И с испугом вскинула на него нестерпимо синие глаза.
– А что оттуда лезет, Радогор?
– Покричишь, если увидишь кого, я услышу… - Успокоил он ее, пытаясь поймать взглядом ее глаза.
Суета княжна начала вызывать у него подозрения. А того подозрительней было, что думок ее торопливых угадать не мог. Так, словно их и вовсе не было.
А Влада скрылась в овраге.
Пугливо оглядываясь на темные кусты, обступившие ручей, топливо разделась и шагнула в воду. Долго и с наслаждением плескалась, вглядываясь в свое отражение и пытаясь найти изъяны в своем теле, которых прежде не замечала по глупости или по малолетству. Вышагнула из ручья, наскоро отжала волосы и, не обтираясь, залезла в рубаху. Даже после того, как Радогор отодрал от нее широкую полосу на повязки для ног, она доходила почти до колен. Закинула портки на плечо и выбралась из оврага.
Радогор все еще сидел подле холстины. Но волосы у него были влажные. Успел и он сбегать к ручью.

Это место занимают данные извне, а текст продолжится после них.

(* Let $v(0)\in\mathcal N^*$, $v(0)\ne0$, and let $E_0$ be its critical core. For all $w\ge1/m_1(0)$, $$\frac{m_1(0)}{m_2(0)}\frac1{w^2}\le E_0(w)\le\frac1{w^2}\qquad\text{and}\qquad\Big|\frac{dE_0}{dw}(w)\Big|\le4m_2(0)^2m_3(0)=:D.$$ Consequently $\sup_{w\ge1/m_1(0)}E_0(w)\le m_1(0)^2$, $\min_{1/m_1(0)\le y\le w}E_0(y)\ge\frac{m_1(0)}{m_2(0)}\frac1{w^2}$, and for $1/m_1(0)\le w_1\le w_2$, $\max_{[w_1,w_2]}E_0-\min_{[w_1,w_2]}E_0\le D(w_2-w_1)$.
   Context: $\mathcal N^*$: finitely supported sequences $v=(v_k)_{k\ge1}$ of nonnegative reals; $m_j(0)=\sum_kk^jv_k(0)$ for $j=1,2,3$. Critical core: with $U_0(x)=\sum_kv_k(0)(e^{-kx}-1)$, the function $E_0:(0,\infty)\to(0,\infty)$ is defined by $E_0\big(-1/U_0'(x)\big)=\frac{(-U_0'(x))^3}{U_0''(x)}$ for $x\in\mathbb R$ (the map $x\mapsto-1/U_0'(x)$ is a bijection $\mathbb R\to(0,\infty)$); equivalently $E_0=F_0'$ where $F_0(-1/U_0'(x))=-U_0(x)$. *)

theory Defs
  imports "HOL-Analysis.Analysis"
begin

text \<open>A sequence v = (v_k)_{k>=1} is modelled as v :: nat => real; the entry v 0 is ignored.
  Membership in N*: finitely supported and nonnegative on indices k >= 1.\<close>

definition supp_seq :: "(nat \<Rightarrow> real) \<Rightarrow> nat set" where
  "supp_seq v = {k. 1 \<le> k \<and> v k \<noteq> 0}"

definition in_Nstar :: "(nat \<Rightarrow> real) \<Rightarrow> bool" where
  "in_Nstar v \<longleftrightarrow> finite (supp_seq v) \<and> (\<forall>k\<ge>1. 0 \<le> v k)"

definition moment :: "nat \<Rightarrow> (nat \<Rightarrow> real) \<Rightarrow> real" where
  "moment j v = (\<Sum>k\<in>supp_seq v. real k ^ j * v k)"

definition U0 :: "(nat \<Rightarrow> real) \<Rightarrow> real \<Rightarrow> real" where
  "U0 v x = (\<Sum>k\<in>supp_seq v. v k * (exp (- real k * x) - 1))"

definition crit_core :: "(nat \<Rightarrow> real) \<Rightarrow> real \<Rightarrow> real" where
  "crit_core v w =
     (let x = (THE x. - 1 / deriv (U0 v) x = w)
      in (- deriv (U0 v) x) ^ 3 / deriv (deriv (U0 v)) x)"

end

theory Submission
  imports Defs
begin
(* Let $(X_1,Y_1,Y'_1),\ldots,(X_n,Y_n,Y'_n)$ be a sequence of independent triples of Bernoulli random variables (triples mutually independent; variables within a triple may be dependent) such that $\mathbb{E}[X_i]=p_i$, $\mathbb{E}[Y_i]=q_i$, $\mathbb{E}[Y'_i]=q'_i$ and $\mathbb{E}[X_iY_i]=0$ (i.e., $X_i$ and $Y_i$ are never both $1$). Suppose further that for each $i$ either (a) $q'_i=0$, or (b) $q_i=1-p_i$, and $X_i=\mathbf{1}(\theta_i<p_i)$ and $Y'_i=\mathbf{1}(\theta_i<q'_i)$ for a threshold $\theta_i$ chosen uniformly in $[0,1]$. Let $X=\sum_i X_i$, $Y=\sum_i(Y_i+Y'_i)$, $\mu_x=\mathbb{E}[X]$, $\mu_y=\mathbb{E}[Y]$. If $\mu_x+\mu_y>1$, then $$\frac{\mu_x-1}{\mu_x+\mu_y-1}\le\mathbb{E}\Big[\frac{X}{X+Y}\Big]\le\frac{\mu_x}{\mu_x+\mu_y-1}.$$
   Context: Convention: in the expression $\frac{X}{X+Y}$, the value $0/0$ is interpreted as $1$ for the left inequality and as $0$ for the right inequality. $\mathbf{1}(\cdot)$ denotes the indicator of an event. *)

theory Defs
  imports "HOL-Probability.Probability"
begin

end

theory Submission
  imports Defs
begin
lemma (in exploration) conditional_prob_few_candidates_le:
  fixes P :: real
  assumes "2 \<le> r" "finite S"
    and estimate: "0 < P \<longrightarrow> P \<le> 1/2 \<and>
      9/10 * real r / P \<le> pmf (binomial_pmf t P) (r - 1) * (real n - real t - real (card S))"
    and PC: "0 < measure_pmf.prob (gnp n P) (history t A0 Z0)"
  shows "measure_pmf.prob (gnp n P)
           ({G. real (card {v \<in> {1..n} - (Zp n a r rule G t \<union> S).
                  r - 1 \<le> card {z \<in> Zp n a r rule G t. adj G v z}}) < 3 * real r / (4 * P)}
            \<inter> history t A0 Z0) / measure_pmf.prob (gnp n P) (history t A0 Z0)
         \<le> exp (- (1/100) / P)"
proof -
  interpret conditioning n a r rule t A0 Z0 S
    using PC assms(2) by unfold_locales auto
  show ?thesis
    unfolding few_candidates_def[symmetric]
  proof (cases "0 < P")
    case False
    then have "3 * real r / (4 * P) \<le> 0"
      by (simp add: divide_nonneg_nonpos)
    then have "few_candidates (3 * real r / (4 * P)) = {}"
      unfolding few_candidates_def by (smt (verit) empty_Collect_eq of_nat_0_le_iff)
    then show "measure_pmf.prob (gnp n P) (few_candidates (3 * real r / (4 * P)) \<inter> history t A0 Z0) /
               measure_pmf.prob (gnp n P) (history t A0 Z0) \<le> exp (- (1/100) / P)"
      by simp
  next
    case True
    with estimate have "P \<le> 1"
      and key: "9/10 * real r / P \<le> pmf (binomial_pmf t P) (r - 1) * (real n - real t - real (card S))"
      by auto
    from prob_few_candidates_le[OF assms(1) True this]
    show "measure_pmf.prob (gnp n P) (few_candidates (3 * real r / (4 * P)) \<inter> history t A0 Z0) /
          measure_pmf.prob (gnp n P) (history t A0 Z0) \<le> exp (- (1/100) / P)"
      using PC by (simp add: pos_divide_le_eq)
  qed
qed

theorem lemma4:
  fixes r :: nat and p :: "nat \<Rightarrow> real" and a :: "nat \<Rightarrow> nat"
    and S :: "nat \<Rightarrow> nat set"
    and rule :: "nat \<Rightarrow> nat list \<Rightarrow> nat set \<Rightarrow> nat"
  assumes "r \<ge> 2"
    and "(\<lambda>n. 1 / real n) \<in> o(p)"
    and "p \<in> o(\<lambda>n. real n powr (- 1 / real r))"
    and "\<forall>n. a n \<le> n"
    and "\<forall>n. S n \<subseteq> {1..n}"
    and "(\<lambda>n. real (card (S n))) \<in> o(\<lambda>n. real n)"
    and "\<forall>n us A. A - set us \<noteq> {} \<longrightarrow> rule n us A \<in> A - set us"
  shows "\<exists>c>0. \<forall>\<^sub>F n in sequentially. \<forall>A0 Z0.
     (let P = measure_pmf.prob (gnp n (p n));
          tt = t0 r n (p n);
          C = {G. tt \<le> stop_time n (a n) r (rule n) G
                  \<and> Ap n (a n) r (rule n) G tt = A0 \<and> Zp n (a n) r (rule n) G tt = Z0};
          B = {G. real (card {v \<in> {1..n} - (Zp n (a n) r (rule n) G tt \<union> S n).
                     r - 1 \<le> card {z \<in> Zp n (a n) r (rule n) G tt. adj G v z}})
                  < 3 * real r / (4 * p n)}
      in P C > 0 \<longrightarrow> P (B \<inter> C) / P C \<le> exp (- c / p n))"
proof (intro exI[of _ "1/100"] conjI, simp,
    use eventually_t0_estimate[OF assms(1-3,6)] in eventually_elim)
  case (elim n)
  interpret exploration n "a n" r "rule n"
    using assms(4,7) by unfold_locales blast+
  have "finite (S n)"
    using assms(5) finite_subset by blast
  show ?case
    unfolding Let_def history_def[symmetric]
    using conditional_prob_few_candidates_le[OF assms(1) \<open>finite (S n)\<close> elim] by blast
qed

end
lemma measurable_estimator_section:
  assumes "(\<lambda>(D, x, s). f D x s) \<in> borel_measurable (M \<Otimes>\<^sub>M (borel \<Otimes>\<^sub>M count_space UNIV))"
    and "D \<in> space M"
  shows "(\<lambda>x. f D x s) \<in> borel_measurable borel"
proof -
  have "(\<lambda>x. (D, x, s)) \<in> measurable borel (M \<Otimes>\<^sub>M (borel \<Otimes>\<^sub>M count_space UNIV))"
    using assms(2) by measurable
  from measurable_compose[OF this assms(1)] show ?thesis by simp
qed

lemma (in obs_prob_space) measurable_condE_estimator_error:
  assumes f: "(\<lambda>(D, x, s). f D x s) \<in> borel_measurable (M \<Otimes>\<^sub>M (borel \<Otimes>\<^sub>M count_space UNIV))"
    and eta [measurable]: "(\<lambda>x. eta x s) \<in> borel_measurable borel"
  shows "(\<lambda>D. condE P s (\<lambda>x. \<bar>eta x s - f D x s\<bar>)) \<in> borel_measurable M"
proof -
  have "(\<lambda>p. (fst p, fst (snd p), s)) \<in> measurable (M \<Otimes>\<^sub>M P) (M \<Otimes>\<^sub>M (borel \<Otimes>\<^sub>M count_space UNIV))"
    by measurable
  from measurable_compose[OF this f]
  have [measurable]: "(\<lambda>p. f (fst p) (fst (snd p)) s) \<in> borel_measurable (M \<Otimes>\<^sub>M P)"
    by simp
  have "(\<lambda>(D, z). if fst (snd z) = s then \<bar>eta (fst z) s - f D (fst z) s\<bar> else 0)
      \<in> borel_measurable (M \<Otimes>\<^sub>M P)"
    by measurable
  then have "(\<lambda>D. \<integral>z. (if fst (snd z) = s then \<bar>eta (fst z) s - f D (fst z) s\<bar> else 0) \<partial>P)
      \<in> borel_measurable M"
    by (rule borel_measurable_lebesgue_integral)
  then show ?thesis unfolding condE_def by measurable
qed

context fair_regression
begin

lemma condE_abs_error_nonneg: "0 \<le> condE P s (\<lambda>x. \<bar>eta x s - f x s\<bar>)"
  unfolding condE_eq_stratum_integral using pS_pos[of s]
  by (intro divide_nonneg_pos stratum_integral_nonneg) auto

lemma integrable_condE_estimator_error:
  assumes M: "prob_space M"
    and f_meas: "(\<lambda>(D, x, s). f D x s) \<in> borel_measurable (M \<Otimes>\<^sub>M (borel \<Otimes>\<^sub>M count_space UNIV))"
    and f_range: "\<And>D x s. 0 \<le> f D x s \<and> f D x s \<le> 1"
  shows "integrable M (\<lambda>D. condE P s (\<lambda>x. \<bar>eta x s - f D x s\<bar>))"
proof -
  interpret M: prob_space M by (rule M)
  have "condE P s (\<lambda>x. \<bar>eta x s - f D x s\<bar>) \<le> 1" if "D \<in> space M" for D
  proof -
    have "bounded_borel (\<lambda>x. \<bar>eta x s - f D x s\<bar>)"
      using measurable_estimator_section[OF f_meas that] f_range
      by (intro bounded_borel_intros bounded_borel_eta bounded_borel_unit_interval) auto
    moreover have "\<bar>eta x s - f D x s\<bar> \<le> 1" for x
      using eta_nonneg[of x s] eta_le_1[of x s] f_range[of D x s] by (auto simp: abs_le_iff)
    ultimately have "stratum_integral P s (\<lambda>x. \<bar>eta x s - f D x s\<bar>) \<le> stratum_integral P s (\<lambda>_. 1)"
      by (intro stratum_integral_mono) auto
    then show ?thesis
      unfolding condE_eq_stratum_integral stratum_integral_const using pS_pos[of s] by simp
  qed
  then show ?thesis
    using condE_abs_error_nonneg measurable_condE_estimator_error[OF f_meas measurable_eta]
    by (intro M.integrable_const_bound[where B=1] AE_I2) auto
qed

lemma excess_risk_le_condE_error:
  assumes h: "\<And>s. (\<lambda>x. h x s) \<in> borel_measurable borel" "\<And>x s. 0 \<le> h x s \<and> h x s \<le> 1"
    and "pseudo_eq P h \<theta>" and "measurable_sections g" "fair P g"
  shows "risk P (gtil P h \<theta>) - risk P g
       \<le> excess_risk_constant P eta * (pS P True * condE P True (\<lambda>x. \<bar>eta x True - h x True\<bar>)
                                      + pS P False * condE P False (\<lambda>x. \<bar>eta x False - h x False\<bar>))"
proof -
  interpret pseudo_oracle P eta h \<theta> g
    using assms by unfold_locales auto
  have "est_error s = pS P s * condE P s (\<lambda>x. \<bar>eta x s - h x s\<bar>)" for s
    unfolding condE_eq_stratum_integral using pS_pos[of s] by simp
  then show ?thesis using excess_risk_le by simp
qed

lemma expected_excess_risk_le:
  assumes M: "prob_space M"
    and f_meas: "(\<lambda>(D, x, s). f D x s) \<in> borel_measurable (M \<Otimes>\<^sub>M (borel \<Otimes>\<^sub>M count_space UNIV))"
    and f_range: "\<And>D x s. 0 \<le> f D x s \<and> f D x s \<le> 1"
    and pseudo: "AE D in M. pseudo_eq P (f D) (\<theta> D)"
    and g: "measurable_sections g" "fair P g"
  shows "(\<integral>D. risk P (gtil P (f D) (\<theta> D)) \<partial>M) - risk P g
       \<le> excess_risk_constant P eta
           * (pS P True * (\<integral>D. condE P True (\<lambda>x. \<bar>eta x True - f D x True\<bar>) \<partial>M)
              + pS P False * (\<integral>D. condE P False (\<lambda>x. \<bar>eta x False - f D x False\<bar>) \<partial>M))"
proof -
  interpret M: prob_space M by (rule M)
  define err where "err s D = condE P s (\<lambda>x. \<bar>eta x s - f D x s\<bar>)" for s D
  define K where "K = excess_risk_constant P eta"
  define bound where "bound D = risk P g + K * (pS P True * err True D + pS P False * err False D)" for D
  have err_integrable: "integrable M (err s)" for s
    unfolding err_def using M f_meas f_range by (rule integrable_condE_estimator_error)
  have integral_bound: "integral\<^sup>L M bound
      = risk P g + K * (pS P True * integral\<^sup>L M (err True) + pS P False * integral\<^sup>L M (err False))"
    unfolding bound_def using err_integrable by (simp add: M.prob_space)
  have "AE D in M. risk P (gtil P (f D) (\<theta> D)) \<le> bound D"
    using pseudo AE_space[of M]
  proof eventually_elim
    case (elim D)
    then show ?case
      using excess_risk_le_condE_error[of "f D" "\<theta> D", OF measurable_estimator_section[OF f_meas elim(2)]
          f_range elim(1) g]
      unfolding bound_def err_def K_def by simp
  qed
  moreover have "integrable M bound"
    unfolding bound_def using err_integrable by simp
  moreover have "0 \<le> integral\<^sup>L M bound"
    unfolding integral_bound err_def K_def risk_def
    using excess_risk_constant_nonneg pS_pos[of True] pS_pos[of False] condE_abs_error_nonneg
    by (intro add_nonneg_nonneg mult_nonneg_nonneg measure_nonneg integral_nonneg_AE) auto
  ultimately have "(\<integral>D. risk P (gtil P (f D) (\<theta> D)) \<partial>M) \<le> integral\<^sup>L M bound"
    by (rule integral_mono_AE_upper_integrable)
  then show ?thesis unfolding integral_bound err_def K_def by simp
qed

end
definition gph_dir_coderiv ::
  "('a::real_inner \<Rightarrow> 'b::real_inner set) \<Rightarrow> 'a \<times> 'b \<Rightarrow> 'a \<times> 'b \<Rightarrow> ('b \<times> 'a) set" where
  "gph_dir_coderiv F xy uv = {(vs, us). us \<in> dir_coderiv F xy uv vs}"

definition gph_coderiv ::
  "('a::real_inner \<Rightarrow> 'b::real_inner set) \<Rightarrow> 'a \<times> 'b \<Rightarrow> ('b \<times> 'a) set" where
  "gph_coderiv F xy = {(vs, us). us \<in> coderiv F xy vs}"

definition semismooth_star :: "('a::real_inner \<Rightarrow> 'b::real_inner set) \<Rightarrow> 'a \<times> 'b \<Rightarrow> bool" where
  "semismooth_star F xy \<longleftrightarrow> xy \<in> gph F \<and>
     (\<forall>u v. \<forall>(vs, us) \<in> gph_dir_coderiv F xy (u, v). inner us u = inner vs v)"

definition calA :: "(real^'n \<Rightarrow> (real^'n) set) \<Rightarrow> (real^'n) \<times> (real^'n)
     \<Rightarrow> ((real^'n^'n) \<times> (real^'n^'n)) set" where
  "calA F xy = {(A, B). \<exists>xs ys. (\<forall>i. (ys i, xs i) \<in> gph_coderiv F xy)
                 \<and> (\<forall>i. A $ i = xs i \<and> B $ i = ys i)}"

definition calA_reg :: "(real^'n \<Rightarrow> (real^'n) set) \<Rightarrow> (real^'n) \<times> (real^'n)
     \<Rightarrow> ((real^'n^'n) \<times> (real^'n^'n)) set" where
  "calA_reg F xy = {(A, B). (A, B) \<in> calA F xy \<and> invertible A}"

definition frob_norm2 :: "real^'n^'n \<Rightarrow> real^'n^'n \<Rightarrow> real" where
  "frob_norm2 A B = sqrt (\<Sum>i\<in>UNIV. \<Sum>j\<in>UNIV. (A $ i $ j)\<^sup>2 + (B $ i $ j)\<^sup>2)"

definition spec_norm :: "real^'n^'n \<Rightarrow> real" where
  "spec_norm A = onorm (\<lambda>v. A *v v)"

end

theory Submission
  imports Defs
begin

(* If xbar were not isolated, there would be zeros xbar + t_k u_k of F with t_k -> 0 and
   norm u_k = 1. Since coderivatives are cones, the matrices (A_k, B_k) of the hypothesis may
   be scaled to unit Frobenius norm, and then the bound on the inverse of A_k gives
   norm (A_k u_k) >= 1/kappa. Along a convergent subsequence, the rows of the limit (A, B)
   are directional limiting normals to gph F at (xbar, 0) in direction (u, 0), so
   semismoothness* forces A u = 0, a contradiction. *)

lemma matrix_inv_left:
  fixes A :: "real^'n^'n"
  assumes "invertible A"
  shows "matrix_inv A ** A = mat 1"
  using someI_ex[OF assms[unfolded invertible_def]] unfolding matrix_inv_def by blast

lemma norm_le_spec_norm_matrix_inv:
  fixes A :: "real^'n^'n"
  assumes "invertible A"
  shows "norm v \<le> spec_norm (matrix_inv A) * norm (A *v v)"
proof -
  have "v = matrix_inv A *v (A *v v)"
    by (simp add: matrix_vector_mul_assoc matrix_inv_left[OF assms])
  also have "norm \<dots> \<le> spec_norm (matrix_inv A) * norm (A *v v)"
    unfolding spec_norm_def by (rule onorm) simp
  finally show ?thesis .
qed

lemma invertible_nonzero:
  fixes A :: "real^'n^'n"
  assumes "invertible A"
  shows "A \<noteq> 0"
proof
  assume "A = 0"
  then have "norm (axis i (1::real)) \<le> 0" for i :: 'n
    using norm_le_spec_norm_matrix_inv[OF assms, of "axis i 1"] by simp
  then show False
    by simp
qed

lemma tendsto_matrix_vector_mult:
  fixes A :: "'a \<Rightarrow> real^'n^'m"
  assumes "(A \<longlongrightarrow> A0) F" and "(u \<longlongrightarrow> u0) F"
  shows "((\<lambda>k. A k *v u k) \<longlongrightarrow> A0 *v u0) F"
proof (rule vec_tendstoI)
  fix i
  show "((\<lambda>k. (A k *v u k) $ i) \<longlongrightarrow> (A0 *v u0) $ i) F"
    unfolding matrix_vector_mul_component
    by (intro tendsto_inner tendsto_vec_nth assms)
qed

lemma frob_norm2_commute: "frob_norm2 A B = frob_norm2 B A"
  unfolding frob_norm2_def by (simp add: add.commute)

lemma norm_le_frob_norm2:
  fixes A B :: "real^'n^'n"
  shows "norm A \<le> frob_norm2 A B"
proof -
  have "norm A = sqrt (\<Sum>i\<in>UNIV. \<Sum>j\<in>UNIV. (A $ i $ j)\<^sup>2)"
    by (simp add: norm_vec_def L2_set_def sum_nonneg)
  also have "\<dots> \<le> frob_norm2 A B"
    unfolding frob_norm2_def by (intro real_sqrt_le_mono sum_mono) auto
  finally show ?thesis .
qed

lemma frob_norm2_scaleR:
  fixes A B :: "real^'n^'n"
  assumes "c \<ge> 0"
  shows "frob_norm2 (c *\<^sub>R A) (c *\<^sub>R B) = c * frob_norm2 A B"
proof -
  have "(\<Sum>i\<in>UNIV. \<Sum>j\<in>UNIV. ((c *\<^sub>R A) $ i $ j)\<^sup>2 + ((c *\<^sub>R B) $ i $ j)\<^sup>2)
      = c\<^sup>2 * (\<Sum>i\<in>UNIV. \<Sum>j\<in>UNIV. (A $ i $ j)\<^sup>2 + (B $ i $ j)\<^sup>2)"
    by (simp add: sum_distrib_left algebra_simps)
  then show ?thesis
    unfolding frob_norm2_def using assms by (simp add: real_sqrt_mult)
qed

lemma frob_norm2_pos:
  fixes A B :: "real^'n^'n"
  assumes "invertible A"
  shows "frob_norm2 A B > 0"
  using norm_le_frob_norm2[of A B] invertible_nonzero[OF assms] by (meson zero_less_norm_iff order_less_le_trans)

lemma regular_normal_cone_scaleR:
  assumes "c \<ge> 0" and "zs \<in> regular_normal_cone C z"
  shows "c *\<^sub>R zs \<in> regular_normal_cone C z"
  using assms unfolding regular_normal_cone_def by (auto simp: mult_nonneg_nonpos)

lemma dir_limiting_normal_cone_scaleR:
  assumes "c \<ge> 0" and "zs \<in> dir_limiting_normal_cone C z w"
  shows "c *\<^sub>R zs \<in> dir_limiting_normal_cone C z w"
proof -
  obtain t wk zk where "\<forall>k. t k > 0" "t \<longlonglongrightarrow> 0" "wk \<longlonglongrightarrow> w" "zk \<longlonglongrightarrow> zs"
    and mem: "\<forall>k. z + t k *\<^sub>R wk k \<in> C \<and> zk k \<in> regular_normal_cone C (z + t k *\<^sub>R wk k)"
    using assms(2) unfolding dir_limiting_normal_cone_def by blast
  moreover have "(\<lambda>k. c *\<^sub>R zk k) \<longlonglongrightarrow> c *\<^sub>R zs"
    by (intro tendsto_scaleR tendsto_const \<open>zk \<longlonglongrightarrow> zs\<close>)
  moreover have "c *\<^sub>R zk k \<in> regular_normal_cone C (z + t k *\<^sub>R wk k)" for k
    using mem regular_normal_cone_scaleR[OF assms(1)] by blast
  ultimately show ?thesis
    unfolding dir_limiting_normal_cone_def by blast
qed
lemma zero_mem [simp]: "0 \<in> G i"
  using graded_ring unfolding graded_ring_def by blast

lemma add_mem: "a \<in> G i \<Longrightarrow> b \<in> G i \<Longrightarrow> a + b \<in> G i"
  using graded_ring unfolding graded_ring_def by blast

lemma mult_mem: "a \<in> G i \<Longrightarrow> b \<in> G j \<Longrightarrow> a * b \<in> G (i + j)"
  using graded_ring unfolding graded_ring_def by blast

lemma one_mem: "1 \<in> G 0"
  using graded_ring unfolding graded_ring_def by blast

lemma sum_mem: "finite S \<Longrightarrow> (\<And>j. j \<in> S \<Longrightarrow> t j \<in> G i) \<Longrightarrow> sum t S \<in> G i"
  by (induction S rule: finite_induct) (auto intro: add_mem)

lemma power_mem: "a \<in> G i \<Longrightarrow> a ^ k \<in> G (k * i)"
  by (induction k) (auto simp: one_mem dest: mult_mem)

lemma prod_mem:
  "finite S \<Longrightarrow> (\<And>j. j \<in> S \<Longrightarrow> t j \<in> G (deg j)) \<Longrightarrow> prod t S \<in> G (\<Sum>j\<in>S. deg j)"
  by (induction S rule: finite_induct) (auto simp: one_mem dest: mult_mem)

lemma decomposition_unique:
  assumes "\<forall>i. c i \<in> G i" "finite {i. c i \<noteq> 0}"
    and "\<forall>i. c' i \<in> G i" "finite {i. c' i \<noteq> 0}"
    and "(\<Sum>i | c i \<noteq> 0. c i) = (\<Sum>i | c' i \<noteq> 0. c' i)"
  shows "c = c'"
  using graded_ring assms unfolding graded_ring_def by metis

lemma homogeneous_decomposition:
  assumes "g \<in> G d"
  defines "c \<equiv> \<lambda>i. if i = d then g else 0"
  shows "\<forall>i. c i \<in> G i" "finite {i. c i \<noteq> 0}" "g = (\<Sum>i | c i \<noteq> 0. c i)"
proof -
  show "\<forall>i. c i \<in> G i" "finite {i. c i \<noteq> 0}"
    using assms(1) unfolding c_def by (auto intro: finite_subset[of _ "{d}"])
  show "g = (\<Sum>i | c i \<noteq> 0. c i)"
    unfolding c_def by (cases "g = 0") auto
qed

Прошла мимо него с независимым видом, сверкая в лесной полутьме голыми икрами, и скрылась в траве под ольхой, чем вызвала в его душе еще большую тревогу. А спустя немного времени он услышал.
– Радогор…
Голос мягкий, но такой, что не воспротивишься. В княжьем тереме выросла, не в мужицкой избе. И не в жилище на два десятка семей, что были в их городище.
Предчувствуя и вовсе неладное, спустился в лаз.
И закрыл глаза, покраснев до удушья, до спазмов в горле.
Княжна стояла в шаге от него. Нагая и удивительно прекрасная. И волнующая.
Мавка!
Даже в полумраке укрытия, которое открыла ей старая и много повидавшая ольха, увидел, как смутилась и покраснела она. Но не закрылась руками, и не отступила.
– Открой глаза, Радо!
Голос твердый, хотя и подрагивает от волнения.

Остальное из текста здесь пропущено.